Overthinking the future
In Homo Deus, Yuval Noah Harari sets out to present a sweeping history of the human race, explaining our rise and pondering our future. An odd decision, perhaps, because he’s already written one. Homo Deus takes ideas from its bestselling predecessor, Sapiens, and works them out at greater length.
Harari argues that mankind’s three great scourges – hunger, disease and war – have been ‘‘transformed from incomprehensible forces of nature into manageable challenges’’.
Our next project will be to conquer death, achieve bliss and ascend to godhead, riding a wave of advances in biotechnology and artificial intelligence.
We believe we can take on these challenges because humanism is the dominant ideology of the modern age but, he warns, humanism carries the seeds of its own destruction.
His book is less a prophecy, he says, than a prompt to consider the kind of future we want. If, for instance, the super-rich upgrade themselves into ageless superhumans tended by, or blended with, intelligent machines, what becomes of you and me?

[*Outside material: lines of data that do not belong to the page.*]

lemma continuous_on_circle_integrand:
  fixes h :: "complex ^ 'm::finite \<Rightarrow> complex"
  assumes "continuous_on U h" "\<rho> \<noteq> 0"
    and "\<And>y t. y \<in> S \<Longrightarrow> y + circlepath 0 \<rho> t *s v \<in> U"
  shows "continuous_on (S \<times> cbox 0 (1::real)) (\<lambda>(y, t). h (y + circlepath 0 \<rho> t *s v) / circlepath 0 \<rho> t)"
proof -
  have "continuous_on (S \<times> cbox 0 (1::real)) (\<lambda>z. circlepath 0 \<rho> (snd z) *s v)"
    by (intro bounded_linear.continuous_on[OF bounded_linear_vector_smult] continuous_intros)
  then have "continuous_on (S \<times> cbox 0 (1::real)) (\<lambda>z. h (fst z + circlepath 0 \<rho> (snd z) *s v))"
    by (intro continuous_on_compose2[OF assms(1)] continuous_intros) (use assms(3) in auto)
  then have "continuous_on (S \<times> cbox 0 (1::real)) (\<lambda>z. h (fst z + circlepath 0 \<rho> (snd z) *s v) / circlepath 0 \<rho> (snd z))"
    by (intro continuous_intros) (use circlepath_0_nonzero[OF assms(2)] in auto)
  then show ?thesis by (simp add: case_prod_beta)
qed

lemma continuous_on_frechet_derivative:
  fixes g :: "complex ^ 'm::finite \<Rightarrow> complex"
  assumes U: "open U" and h: "holo_on U g"
  shows "continuous_on U (\<lambda>y. frechet_derivative g (at y) v)"
proof (rule continuous_at_imp_continuous_on, intro ballI)
  fix p assume p: "p \<in> U"
  obtain \<delta> \<rho> where dp: "\<delta> > 0" "\<rho> > 0"
    and inU: "\<And>y z. y \<in> ball p \<delta> \<Longrightarrow> cmod z \<le> \<rho> \<Longrightarrow> y + z *s v \<in> U"
    and rep: "\<And>y. y \<in> ball p \<delta> \<Longrightarrow> frechet_derivative g (at y) v
        = integral {0..1} (\<lambda>t. g (y + circlepath 0 \<rho> t *s v) / circlepath 0 \<rho> t)"
    by (rule frechet_derivative_circle_integral[OF U h p, of v]) blast
  have "continuous_on (ball p \<delta> \<times> cbox 0 (1::real)) (\<lambda>(y, t). g (y + circlepath 0 \<rho> t *s v) / circlepath 0 \<rho> t)"
    using dp inU norm_circlepath_0[of \<rho>]
    by (intro continuous_on_circle_integrand[OF holo_on_imp_continuous_on[OF h]]) auto
  then have "continuous_on (ball p \<delta>) (\<lambda>y. integral (cbox 0 1) (\<lambda>t. g (y + circlepath 0 \<rho> t *s v) / circlepath 0 \<rho> t))"
    by (rule integral_continuous_on_param)
  then have "continuous_on (ball p \<delta>) (\<lambda>y. frechet_derivative g (at y) v)"
    by (rule continuous_on_eq) (use rep in \<open>auto simp: cbox_interval\<close>)
  then show "isCont (\<lambda>y. frechet_derivative g (at y) v) p"
    using continuous_on_eq_continuous_at[OF open_ball] centre_in_ball dp(1) by blast
qed

lemma blinfun_apply_frechet_derivative_divide:
  assumes "holo_on U g" "x \<in> U"
  shows "blinfun_apply (Blinfun (\<lambda>w. frechet_derivative g (at x) w / c)) = (\<lambda>w. frechet_derivative g (at x) w / c)"
proof -
  have "bounded_linear (frechet_derivative g (at x))"
    by (rule has_derivative_bounded_linear[OF holo_on_has_derivative[OF assms]])
  then have "bounded_linear (\<lambda>w. frechet_derivative g (at x) w / c)"
    by (rule bounded_linear_compose[OF bounded_linear_divide, unfolded o_def])
  then show ?thesis by (rule bounded_linear_Blinfun_apply)
qed

lemma continuous_on_blinfun_circle_integrand:
  fixes g :: "complex ^ 'm::finite \<Rightarrow> complex"
  assumes U: "open U" and h: "holo_on U g" and \<rho>: "\<rho> \<noteq> 0"
    and inU: "\<And>y t. y \<in> S \<Longrightarrow> y + circlepath 0 \<rho> t *s v \<in> U"
  shows "continuous_on (S \<times> cbox 0 1) (\<lambda>(y, t).
    Blinfun (\<lambda>w. frechet_derivative g (at (y + circlepath 0 \<rho> t *s v)) w / circlepath 0 \<rho> t))"
  unfolding continuous_on_eq_continuous_within
proof
  fix z assume z: "z \<in> S \<times> cbox 0 (1::real)"
  have "continuous_on (S \<times> cbox 0 (1::real))
      (\<lambda>(y, t). frechet_derivative g (at (y + circlepath 0 \<rho> t *s v)) b / circlepath 0 \<rho> t)" for b
    by (rule continuous_on_circle_integrand[OF continuous_on_frechet_derivative[OF U h] \<rho> inU])
  then have "continuous_on (S \<times> cbox 0 1) (\<lambda>z. blinfun_apply ((\<lambda>(y, t).
      Blinfun (\<lambda>w. frechet_derivative g (at (y + circlepath 0 \<rho> t *s v)) w / circlepath 0 \<rho> t)) z) b)" for b
    by (rule continuous_on_eq) (auto simp: blinfun_apply_frechet_derivative_divide[OF h inU])
  then show "continuous (at z within S \<times> cbox 0 1) (\<lambda>(y, t).
      Blinfun (\<lambda>w. frechet_derivative g (at (y + circlepath 0 \<rho> t *s v)) w / circlepath 0 \<rho> t))"
    using z by (intro continuous_blinfun_componentwiseI1) (auto simp: continuous_on_eq_continuous_within)
qed

lemma has_derivative_circle_integral:
  fixes g :: "complex ^ 'm::finite \<Rightarrow> complex"
  assumes U: "open U" and h: "holo_on U g" and S: "open S" "convex S" "p \<in> S" and \<rho>: "\<rho> \<noteq> 0"
    and inU: "\<And>y t. y \<in> S \<Longrightarrow> y + circlepath 0 \<rho> t *s v \<in> U"
  shows "((\<lambda>y. integral {0..1} (\<lambda>t. g (y + circlepath 0 \<rho> t *s v) / circlepath 0 \<rho> t)) has_derivative
    (\<lambda>w. integral {0..1} (\<lambda>t. frechet_derivative g (at (p + circlepath 0 \<rho> t *s v)) w / circlepath 0 \<rho> t))) (at p)"
proof -
  let ?D = "\<lambda>z. frechet_derivative g (at z)"
  let ?c = "circlepath 0 \<rho>"
  define fx where "fx y t = Blinfun (\<lambda>w. ?D (y + ?c t *s v) w / ?c t)" for y t
  have fx_apply: "blinfun_apply (fx y t) = (\<lambda>w. ?D (y + ?c t *s v) w / ?c t)" if "y \<in> S" for y t
    unfolding fx_def by (rule blinfun_apply_frechet_derivative_divide[OF h inU[OF that]])
  have cont_fx: "continuous_on (S \<times> cbox 0 1) (\<lambda>(y, t). fx y t)"
    unfolding fx_def by (rule continuous_on_blinfun_circle_integrand[OF U h \<rho> inU])
  have "((\<lambda>y. g (y + ?c t *s v) / ?c t) has_derivative blinfun_apply (fx y t)) (at y within S)"
    if y: "y \<in> S" for y t
  proof -
    have "((\<lambda>y. y + ?c t *s v) has_derivative (\<lambda>w. w)) (at y within S)"
      by (auto intro!: derivative_eq_intros)
    from has_derivative_compose[OF this holo_on_has_derivative[OF h inU[OF y]]]
    have "((\<lambda>y. g (y + ?c t *s v)) has_derivative ?D (y + ?c t *s v)) (at y within S)" .
    then show ?thesis
      unfolding fx_apply[OF y] divide_inverse by (rule has_derivative_mult_left)
  qed
  moreover have "(\<lambda>t. g (y + ?c t *s v) / ?c t) integrable_on cbox 0 1" if y: "y \<in> S" for y
  proof (rule integrable_continuous)
    have "continuous_on (cbox 0 1) (\<lambda>t. (\<lambda>(y, t). g (y + ?c t *s v) / ?c t) (y, t))"
      by (rule continuous_on_compose2[OF continuous_on_circle_integrand[OF holo_on_imp_continuous_on[OF h] \<rho> inU]])
         (use y in \<open>auto intro!: continuous_intros\<close>)
    then show "continuous_on (cbox 0 1) (\<lambda>t. g (y + ?c t *s v) / ?c t)" by simp
  qed
  ultimately have "((\<lambda>y. integral (cbox 0 1) (\<lambda>t. g (y + ?c t *s v) / ?c t)) has_derivative
      integral (cbox 0 1) (fx p)) (at p within S)"
    by (intro leibniz_rule[OF _ _ cont_fx S(3)]) (auto simp: S)
  moreover have "fx p integrable_on cbox 0 1"
  proof (rule integrable_continuous)
    have "continuous_on (cbox 0 1) (\<lambda>t. (\<lambda>(y, t). fx y t) (p, t))"
      by (rule continuous_on_compose2[OF cont_fx]) (auto intro!: continuous_intros simp: S)
    then show "continuous_on (cbox 0 1) (fx p)" by simp
  qed
  then have "blinfun_apply (integral (cbox 0 1) (fx p)) =
      (\<lambda>w. integral {0..1} (\<lambda>t. ?D (p + ?c t *s v) w / ?c t))"
    by (simp add: fun_eq_iff blinfun_apply_integral fx_apply[OF S(3)] cbox_interval)
  ultimately show ?thesis
    using at_within_open[OF S(3,1)] by (simp add: cbox_interval)
qed
(* Fix a constant $\epsilon>0$. There exists a constant $A>0$ (depending only on $\epsilon$) such that for all integers $1 \le k \le d$, the Local Search algorithm with parameter $\epsilon$ (defined in the context), viewed as a map $c$ sending each finite point set $P\subset\mathbb{R}^d$ to its output $c(P)$, is an $(Ak)^{2k}$-composable core-set of size $k$ for the determinant maximization problem with parameter $k$. That is, $|c(P)|\le k$ for every $P$, and for every integer $m\ge1$ and all finite point sets $P_1,\dots,P_m\subset\mathbb{R}^d$, $$\mathrm{MAXDET}_k\Big(\bigcup_{i=1}^m c(P_i)\Big)\ge \frac{1}{(Ak)^{2k}}\,\mathrm{MAXDET}_k\Big(\bigcup_{i=1}^m P_i\Big).$$
   Context: For a finite set $S\subset\mathbb{R}^d$ with $|S|=j$, $\mathrm{VOL}(S)$ denotes the $j$-dimensional volume of the parallelepiped spanned by the vectors of $S$; if $M_S$ is the $j\times d$ matrix whose rows are the points of $S$, then $\det(M_SM_S^\top)=\mathrm{VOL}(S)^2$. For finite $P\subset\mathbb{R}^d$, $\mathrm{MAXDET}_k(P)=\max_{S\subseteq P,\,|S|=k}\det(M_SM_S^\top)$. For a set $\mathcal{C}$ and points $p,q$, $\mathcal{C}+q-p$ denotes $(\mathcal{C}\setminus\{p\})\cup\{q\}$. The Local Search algorithm on input $P$, $k$, $\epsilon$: initialize $\mathcal{C}=\emptyset$; for $i=1,\dots,k$ add to $\mathcal{C}$ a point $\arg\max_{p\in P\setminus\mathcal{C}}\mathrm{VOL}(\mathcal{C}\cup\{p\})$; then repeat: if there are $q\in P\setminus\mathcal{C}$ and $p\in\mathcal{C}$ with $\mathrm{VOL}(\mathcal{C}+q-p)\ge(1+\epsilon)\mathrm{VOL}(\mathcal{C})$, replace $p$ by $q$; until no such pair exists; output $\mathcal{C}$. A map $c$ from point sets to subsets of themselves is an $\alpha$-composable core-set for determinant maximization if the displayed inequality (with $\alpha$ in place of $(Ak)^{2k}$) holds for every collection $P_1,\dots,P_m$; it has size $t$ if $|c(P)|\le t$ for all $P$. *)

theory Defs
  imports Complex_Main "HOL-Combinatorics.Permutations"
begin

text \<open>Points of R^d are represented as functions nat => real vanishing at
  all coordinates >= d (so that d can be quantified inside the statement).\<close>

definition Rd :: "nat \<Rightarrow> (nat \<Rightarrow> real) set" where
  "Rd d = {x. \<forall>i\<ge>d. x i = 0}"

definition dotd :: "nat \<Rightarrow> (nat \<Rightarrow> real) \<Rightarrow> (nat \<Rightarrow> real) \<Rightarrow> real" where
  "dotd d x y = (\<Sum>i<d. x i * y i)"

text \<open>det(M_S M_S^T): Leibniz expansion of the determinant of the Gram
  matrix of S, rows and columns indexed by the elements of S.\<close>
definition gram_det :: "nat \<Rightarrow> (nat \<Rightarrow> real) set \<Rightarrow> real" where
  "gram_det d S = (\<Sum>p\<in>{p. p permutes S}. of_int (sign p) * (\<Prod>s\<in>S. dotd d s (p s)))"

definition VOL :: "nat \<Rightarrow> (nat \<Rightarrow> real) set \<Rightarrow> real" where
  "VOL d S = sqrt (gram_det d S)"

definition MAXDET :: "nat \<Rightarrow> nat \<Rightarrow> (nat \<Rightarrow> real) set \<Rightarrow> real" where
  "MAXDET d k P =
     (if \<exists>S. S \<subseteq> P \<and> card S = k
      then Max {gram_det d S | S. S \<subseteq> P \<and> card S = k} else 0)"

definition greedy_step :: "nat \<Rightarrow> (nat \<Rightarrow> real) set \<Rightarrow> (nat \<Rightarrow> real) set \<Rightarrow> (nat \<Rightarrow> real) set \<Rightarrow> bool" where
  "greedy_step d P C C' \<longleftrightarrow>
     (\<exists>p\<in>P - C. (\<forall>q\<in>P - C. VOL d (insert q C) \<le> VOL d (insert p C)) \<and> C' = insert p C)"

definition swap_step :: "nat \<Rightarrow> (nat \<Rightarrow> real) set \<Rightarrow> real \<Rightarrow> (nat \<Rightarrow> real) set \<Rightarrow> (nat \<Rightarrow> real) set \<Rightarrow> bool" where
  "swap_step d P eps C C' \<longleftrightarrow>
     (\<exists>q\<in>P - C. \<exists>p\<in>C. C' = insert q (C - {p}) \<and> VOL d C' \<ge> (1 + eps) * VOL d C)"

definition LS_output :: "nat \<Rightarrow> (nat \<Rightarrow> real) set \<Rightarrow> nat \<Rightarrow> real \<Rightarrow> (nat \<Rightarrow> real) set \<Rightarrow> bool" where
  "LS_output d P k eps C \<longleftrightarrow>
     (\<exists>C0. (greedy_step d P ^^ k) {} C0 \<and> (swap_step d P eps)\<^sup>*\<^sup>* C0 C
           \<and> \<not> (\<exists>C'. swap_step d P eps C C'))"

end

theory Submission
  imports Defs "HOL-Analysis.L2_Norm"
begin

text \<open>
  Write \<open>dist(x, T)\<close> for the distance from \<open>x\<close> to the span of \<open>T\<close>, so that
  \<open>gram_det (insert x T) = gram_det T * dist(x, T)\<^sup>2\<close>. Let \<open>C\<close> be an output of Local Search on
  \<open>P\<close> with \<open>gram_det C > 0\<close> and \<open>s \<in> P - C\<close>. Since no swap of \<open>s\<close> for some \<open>c \<in> C\<close> gains a
  factor \<open>1 + eps\<close>, the coefficient of \<open>c\<close> in the projection of \<open>s\<close> onto the span of \<open>C\<close> is
  at most \<open>1 + eps\<close> in absolute value and \<open>dist(s, C) \<le> (1 + eps) dist(c, C - {c})\<close>.
  If \<open>card H < card C\<close>, some \<open>c \<in> C\<close> has \<open>dist(c, C - {c}) \<le> card C * dist(c, H)\<close>, and
  splitting \<open>s\<close> into projection and residual then gives some \<open>c \<in> C\<close> with
  \<open>dist(s, H) \<le> 2 (1 + eps) k dist(c, H)\<close>. So a point \<open>s\<close> of a \<open>k\<close>-subset \<open>S\<close> of the union of
  the inputs that lies in no output can be exchanged, with \<open>H = S - {s}\<close>, for an output point
  at the cost of a factor \<open>(2 (1 + eps) k)\<^sup>2\<close> in the Gram determinant, and at most \<open>k\<close>
  exchanges move \<open>S\<close> into the union of the outputs.
\<close>

section \<open>The inner product on the first \<open>d\<close> coordinates\<close>

lemma dotd_commute: "dotd d x y = dotd d y x"
  unfolding dotd_def by (simp add: mult.commute)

And what happens next? We may understand the technologies, but will we understand the world these new humans create?
With source material spanning dozens of disciplines, the book is often interesting and occasionally fascinating.
Translated from the original Hebrew by the author, it’s also punchy and peppered with oneliners like ‘‘the greatest scientific discovery was the discovery of ignorance’’ and ‘‘God is dead, it just takes a while to get rid of the body’’.
But it’s not always convincing. Too many arguments are based on unsupported assertions and dodgy logic to give you the confidence to follow Harari to his destination.
And if you do ride along, he sometimes drops you off just when you think you’re getting somewhere. In an extended attack on factory farming, for example, he takes issue with the selfcentredness of humanism, pointing out that some scientists (and in a world-first, New Zealand’s animal welfare laws) argue that animals are sentient.
Should we replace humanism with sentientism? He doesn’t say. But if you’re going to try to tear down an entire system of belief, I reckon it’s only polite to offer an alternative.
I’m not sure who Harari is writing for either. A fellow historian might appreciate his lengthy dissertation on Humanism Then and Now, but it seems too abstract and academic to be of wider interest.
His transhumanist musings might appeal to technophiles, but I imagine most of them would prefer the true-believer visions of boffin prophets like Ray Kurzweil to Harari’s once-over-lightly survey.
He risks losing the secular by branding humanism a religion, and the religious when he calls their beliefs ‘‘infantile delusion’’. Not much of an audience left after that.